The higher rates of thyroid cancer found in women could also reflect the fact that many are checked annually by gynecologists, who routinely examine the thyroid region for possible enlargement, Dr. Brawley suggested.


With regard to dental X-rays, he noted that the amount of radiation exposure associated with them has decreased considerably in the last 20 years, which is inconsistent with a rise in thyroid cancer diagnoses.


Radiation Risks


To be sure, exposure to high doses of radiation, especially in childhood, raises the risk of cancer, and thyroid cancer in particular. Well before this risk was recognized, radiation was widely used to treat benign conditions like enlarged tonsils and adenoids, acne and ringworm of the scalp.


Thyroid cancers afflicted many who were exposed as children, or even prenatally, to large amounts of radiation when Americans dropped atomic bombs in Japan in 1945 and when the Chernobyl accident occurred in 1986.


While very large doses of radiation destroy the thyroid, moderately high doses — like those that are used to treat Hodgkin’s disease or tumors of the head and neck — can cause genetic mutations that develop into cancer.


But what of lower doses? Studies of the relationship between frequent dental X-rays and thyroid cancer have been conflicting, and in some the methodology has been suspect. (Some reports, including a frightening one from Kuwait, relied on people’s ability to remember the X-rays they received.)


But the best study of diagnostic X-ray exams, conducted in Sweden, where precise medical records are kept, found no connection to thyroid cancer.


Other factors linked to an increased risk of thyroid cancer include consumption of nitrates in public water supplies (from fertilizer runoff) and certain vegetables, and goiter caused by insufficient iodine in the diet.


Playing It Safe


There’s no harm in asking a mammographer to use a lead thyroid collar, and a lead apron should cover the front of the neck during dental X-rays. Still, some internal radiation scatter will occur, Dr. Brawley said.
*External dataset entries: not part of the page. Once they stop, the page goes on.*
(* For any finite set of atomic recipes $\{R_1,\ldots,R_n\}$, the set $\mathsf{Compose}(\{R_1,\ldots,R_n\})$ is finite.
   Context: Fix disjoint finite sets $\mathcal C$ (comestible nodes) and $\mathcal A$ (action nodes). A type hierarchy is an acyclic directed graph with a unique maximal node; $t_1\preceq t_2$ means $t_1$ is a subtype of or equal to $t_2$, and $t_1\simeq t_2$ means $t_1\preceq t_2$ or $t_2\preceq t_1$. A recipe graph is $(C,A,E)$ with: (1) $\emptyset\subset C\subseteq\mathcal C$, $\emptyset\subset A\subseteq\mathcal A$; (2) $E\subseteq (C\times A)\cup(A\times C)$; (3) $(C\cup A,E)$ is a connected acyclic directed graph; (4) every action node has at least one incoming and one outgoing arc; (5) every comestible node has at most one incoming arc. A recipe is $(C,A,E,F)$ with $(C,A,E)$ a recipe graph and $F$ assigning a comestible type to each node of $C$ and an action type to each node of $A$ such that $F(n)\simeq F(n')$ for $n,n'\in C$ implies $n=n'$. A recipe is atomic if it has exactly one action node. For a recipe $R$: $\mathsf{Acts}(R)$, $\mathsf{Coms}(R)$ are its action and comestible nodes; $\mathsf{In}(R)$ (resp. $\mathsf{Out}(R)$) the comestible nodes with no incoming (resp. outgoing) arc; $\mathsf{Mid}(R)$ the comestible nodes with both. Composition of recipes $R_1=(C_1,A_1,E_1,F_1)$, $R_2=(C_2,A_2,E_2,F_2)$: if (1) $\mathsf{Out}(R_1)\cap\mathsf{In}(R_2)\neq\emptyset$; (2) $\mathsf{Mid}(R_1)\cap\mathsf{Mid}(R_2)=\emptyset$; (3) $\mathsf{Acts}(R_1)\cap\mathsf{Acts}(R_2)=\emptyset$; (4) $\mathsf{Out}(R_2)\cap\mathsf{In}(R_1)=\emptyset$; (5) $F_1(n)=F_2(n)$ for all $n\in\mathsf{Out}(R_1)\cap\mathsf{In}(R_2)$; (6) $F_1(n)\not\simeq F_2(n')$ for all $n\in\mathsf{Coms}(R_1)\setminus\mathsf{Out}(R_1)$, $n'\in\mathsf{Coms}(R_2)\setminus\mathsf{In}(R_2)$, then $R_1\oplus R_2=(C_1\cup C_2,A_1\cup A_2,E_1\cup E_2,F_1\cup F_2)$, otherwise $R_1\oplus R_2=\bot$ (failure). For a set of recipes $\{R_1,\ldots,R_n\}$, $\mathsf{Compose}(\{R_1,\ldots,R_n\})$ is the closure of $\{R_1,\ldots,R_n\}$ under $\oplus$: it contains each $R_i$, and whenever $R,R'$ belong to it and $R\oplus R'\neq\bot$, $R\oplus R'$ belongs to it. *)

theory Defs
  imports Main
begin

text \<open>A type hierarchy on the (finite) set of types T is given by its set of arcs H
  (an arc (t,t') means t is a direct subtype of t').\<close>

definition type_hierarchy :: "'t set \<Rightarrow> ('t \<times> 't) set \<Rightarrow> bool" where
  "type_hierarchy T H \<longleftrightarrow> finite T \<and> H \<subseteq> T \<times> T \<and> acyclic H \<and>
     (\<exists>!m. m \<in> T \<and> (\<forall>t. (m, t) \<notin> H))"

definition subtype_eq :: "('t \<times> 't) set \<Rightarrow> 't \<Rightarrow> 't \<Rightarrow> bool" where
  "subtype_eq H t1 t2 \<longleftrightarrow> (t1, t2) \<in> H\<^sup>*"

definition comparable :: "('t \<times> 't) set \<Rightarrow> 't \<Rightarrow> 't \<Rightarrow> bool" where
  "comparable H t1 t2 \<longleftrightarrow> subtype_eq H t1 t2 \<or> subtype_eq H t2 t1"

text \<open>A recipe (C, A, E, F); the labelling F is represented as a relation (its graph),
  so that the union F1 \<union> F2 used in composition is literal.\<close>

type_synonym ('n, 't) recipe = "'n set \<times> 'n set \<times> ('n \<times> 'n) set \<times> ('n \<times> 't) set"

definition weakly_connected :: "'n set \<Rightarrow> ('n \<times> 'n) set \<Rightarrow> bool" where
  "weakly_connected V E \<longleftrightarrow> (\<forall>x\<in>V. \<forall>y\<in>V. (x, y) \<in> (E \<union> E\<inverse>)\<^sup>*)"

definition recipe_graph :: "'n set \<Rightarrow> 'n set \<Rightarrow> 'n set \<Rightarrow> 'n set \<Rightarrow> ('n \<times> 'n) set \<Rightarrow> bool" where
  "recipe_graph CC AA C A E \<longleftrightarrow>
     {} \<subset> C \<and> C \<subseteq> CC \<and> {} \<subset> A \<and> A \<subseteq> AA \<and>
     E \<subseteq> (C \<times> A) \<union> (A \<times> C) \<and>
     weakly_connected (C \<union> A) E \<and> acyclic E \<and>
     (\<forall>a\<in>A. (\<exists>c. (c, a) \<in> E) \<and> (\<exists>c. (a, c) \<in> E)) \<and>
     (\<forall>c\<in>C. \<forall>x y. (x, c) \<in> E \<and> (y, c) \<in> E \<longrightarrow> x = y)"

definition lab :: "('n \<times> 't) set \<Rightarrow> 'n \<Rightarrow> 't" where
  "lab F n = (THE t. (n, t) \<in> F)"

definition recipe ::
  "'n set \<Rightarrow> 'n set \<Rightarrow> 't set \<Rightarrow> ('t \<times> 't) set \<Rightarrow> 't set \<Rightarrow> ('t \<times> 't) set
     \<Rightarrow> ('n, 't) recipe \<Rightarrow> bool" where
  "recipe CC AA TC HC TA HA R \<longleftrightarrow>
     (case R of (C, A, E, F) \<Rightarrow>
        recipe_graph CC AA C A E \<and>
        Domain F = C \<union> A \<and>
        (\<forall>n\<in>C \<union> A. \<exists>!t. (n, t) \<in> F) \<and>
        (\<forall>n\<in>C. lab F n \<in> TC) \<and> (\<forall>n\<in>A. lab F n \<in> TA) \<and>
        (\<forall>n\<in>C. \<forall>n'\<in>C. comparable HC (lab F n) (lab F n') \<longrightarrow> n = n'))"

definition atomic_recipe ::
  "'n set \<Rightarrow> 'n set \<Rightarrow> 't set \<Rightarrow> ('t \<times> 't) set \<Rightarrow> 't set \<Rightarrow> ('t \<times> 't) set
     \<Rightarrow> ('n, 't) recipe \<Rightarrow> bool" where
  "atomic_recipe CC AA TC HC TA HA R \<longleftrightarrow>
     recipe CC AA TC HC TA HA R \<and> (case R of (C, A, E, F) \<Rightarrow> card A = 1)"

definition Acts :: "('n, 't) recipe \<Rightarrow> 'n set" where
  "Acts R = (case R of (C, A, E, F) \<Rightarrow> A)"

definition Coms :: "('n, 't) recipe \<Rightarrow> 'n set" where
  "Coms R = (case R of (C, A, E, F) \<Rightarrow> C)"

definition Ins :: "('n, 't) recipe \<Rightarrow> 'n set" where
  "Ins R = (case R of (C, A, E, F) \<Rightarrow> {n \<in> C. \<not> (\<exists>m. (m, n) \<in> E)})"

definition Outs :: "('n, 't) recipe \<Rightarrow> 'n set" where
  "Outs R = (case R of (C, A, E, F) \<Rightarrow> {n \<in> C. \<not> (\<exists>m. (n, m) \<in> E)})"

definition Mid :: "('n, 't) recipe \<Rightarrow> 'n set" where
  "Mid R = (case R of (C, A, E, F) \<Rightarrow> {n \<in> C. (\<exists>m. (m, n) \<in> E) \<and> (\<exists>m. (n, m) \<in> E)})"

definition labR :: "('n, 't) recipe \<Rightarrow> 'n \<Rightarrow> 't" where
  "labR R n = (case R of (C, A, E, F) \<Rightarrow> lab F n)"

section \<open>Composition (None represents failure \<bottom>)\<close>

definition compose :: "('t \<times> 't) set \<Rightarrow> ('n, 't) recipe \<Rightarrow> ('n, 't) recipe \<Rightarrow> ('n, 't) recipe option" where
  "compose HC R1 R2 =
     (if Outs R1 \<inter> Ins R2 \<noteq> {} \<and>
         Mid R1 \<inter> Mid R2 = {} \<and>
         Acts R1 \<inter> Acts R2 = {} \<and>
         Outs R2 \<inter> Ins R1 = {} \<and>
         (\<forall>n \<in> Outs R1 \<inter> Ins R2. labR R1 n = labR R2 n) \<and>
         (\<forall>n \<in> Coms R1 - Outs R1. \<forall>n' \<in> Coms R2 - Ins R2.
             \<not> comparable HC (labR R1 n) (labR R2 n'))
      then (case R1 of (C1, A1, E1, F1) \<Rightarrow> case R2 of (C2, A2, E2, F2) \<Rightarrow>
              Some (C1 \<union> C2, A1 \<union> A2, E1 \<union> E2, F1 \<union> F2))
      else None)"

inductive_set Compose :: "('t \<times> 't) set \<Rightarrow> ('n, 't) recipe set \<Rightarrow> ('n, 't) recipe set"
  for HC :: "('t \<times> 't) set" and Rs :: "('n, 't) recipe set" where
  base: "R \<in> Rs \<Longrightarrow> R \<in> Compose HC Rs"
| comp: "R \<in> Compose HC Rs \<Longrightarrow> R' \<in> Compose HC Rs \<Longrightarrow> compose HC R R' = Some R''
           \<Longrightarrow> R'' \<in> Compose HC Rs"

end

theory Submission
  imports Defs
begin

text \<open>A successful composition is the componentwise union of its two arguments. Hence every
  member of the closure is the componentwise union of some subset of the generating recipes,
  and a finite set has only finitely many subsets.\<close>

definition recipe_Un :: "('n, 't) recipe \<Rightarrow> ('n, 't) recipe \<Rightarrow> ('n, 't) recipe" where
  "recipe_Un R1 R2 = (case R1 of (C1, A1, E1, F1) \<Rightarrow> case R2 of (C2, A2, E2, F2) \<Rightarrow>
     (C1 \<union> C2, A1 \<union> A2, E1 \<union> E2, F1 \<union> F2))"

definition recipe_Union :: "('n, 't) recipe set \<Rightarrow> ('n, 't) recipe" where
  "recipe_Union S = ((\<Union>R\<in>S. fst R), (\<Union>R\<in>S. fst (snd R)), (\<Union>R\<in>S. fst (snd (snd R))),
     (\<Union>R\<in>S. snd (snd (snd R))))"

lemma recipe_Union_singleton: "recipe_Union {R} = R"
  by (cases R) (simp add: recipe_Union_def)

lemma recipe_Union_Un: "recipe_Union (S1 \<union> S2) = recipe_Un (recipe_Union S1) (recipe_Union S2)"
  by (simp add: recipe_Union_def recipe_Un_def)

lemma compose_Some_eq_recipe_Un:
  assumes "compose HC R1 R2 = Some R"
  shows "R = recipe_Un R1 R2"
  using assms unfolding compose_def recipe_Un_def
  by (cases R1; cases R2) (auto split: if_splits)

lemma Compose_eq_recipe_Union:
  assumes "R \<in> Compose HC Rs"
  obtains S where "S \<subseteq> Rs" and "R = recipe_Union S"
  using assms
proof (induction arbitrary: thesis)
  case (base R)
  show ?case
    by (rule base.prems[of "{R}"]) (simp_all add: base.hyps recipe_Union_singleton)
next
  case (comp R1 R2 R)
  obtain S1 where S1: "S1 \<subseteq> Rs" "R1 = recipe_Union S1" using comp.IH(1) .
  obtain S2 where S2: "S2 \<subseteq> Rs" "R2 = recipe_Union S2" using comp.IH(2) .
  have "R = recipe_Un R1 R2"
    using comp.hyps(3) by (rule compose_Some_eq_recipe_Un)
  also have "\<dots> = recipe_Union (S1 \<union> S2)"
    by (simp only: S1(2) S2(2) recipe_Union_Un)
  finally show ?case
    using S1(1) S2(1) by (intro comp.prems) simp_all
qed

lemma finite_Compose:
  assumes "finite Rs"
  shows "finite (Compose HC Rs)"
proof (rule finite_subset)
  show "Compose HC Rs \<subseteq> recipe_Union ` Pow Rs"
  proof
    fix R assume "R \<in> Compose HC Rs"
    then obtain S where "S \<subseteq> Rs" and "R = recipe_Union S"
      by (rule Compose_eq_recipe_Union)
    then show "R \<in> recipe_Union ` Pow Rs" by blast
  qed
  show "finite (recipe_Union ` Pow Rs)"
    using assms by simp
qed

theorem mainTheorem4:
  fixes CC AA :: "'n set" and TC TA :: "'t set" and HC HA :: "('t \<times> 't) set"
    and Rs :: "('n, 't) recipe set"
  assumes "finite CC" and "finite AA" and "CC \<inter> AA = {}"
    and "type_hierarchy TC HC" and "type_hierarchy TA HA"
    and "finite Rs"
    and "\<forall>R\<in>Rs. atomic_recipe CC AA TC HC TA HA R"
  shows "finite (Compose HC Rs)"
  using \<open>finite Rs\<close> by (rule finite_Compose)

end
Dr. Wartofsky suggested that women worried about the radiation from a mammogram could have an M.R.I. or ultrasound exam instead. But check first on insurance coverage for these alternatives.


For dental checkups, find a dentist who uses digital X-rays, which deliver much less radiation. “We’ve said for years that the amount of radiation from dental X-rays is not enough to cause cancer,” Dr. Wartofsky said.


And don’t let irrational fear get the better of you: It is simply not possible to detect all dental decay without X-rays, and missing hidden decay could result in the need for a root canal or extraction of the tooth.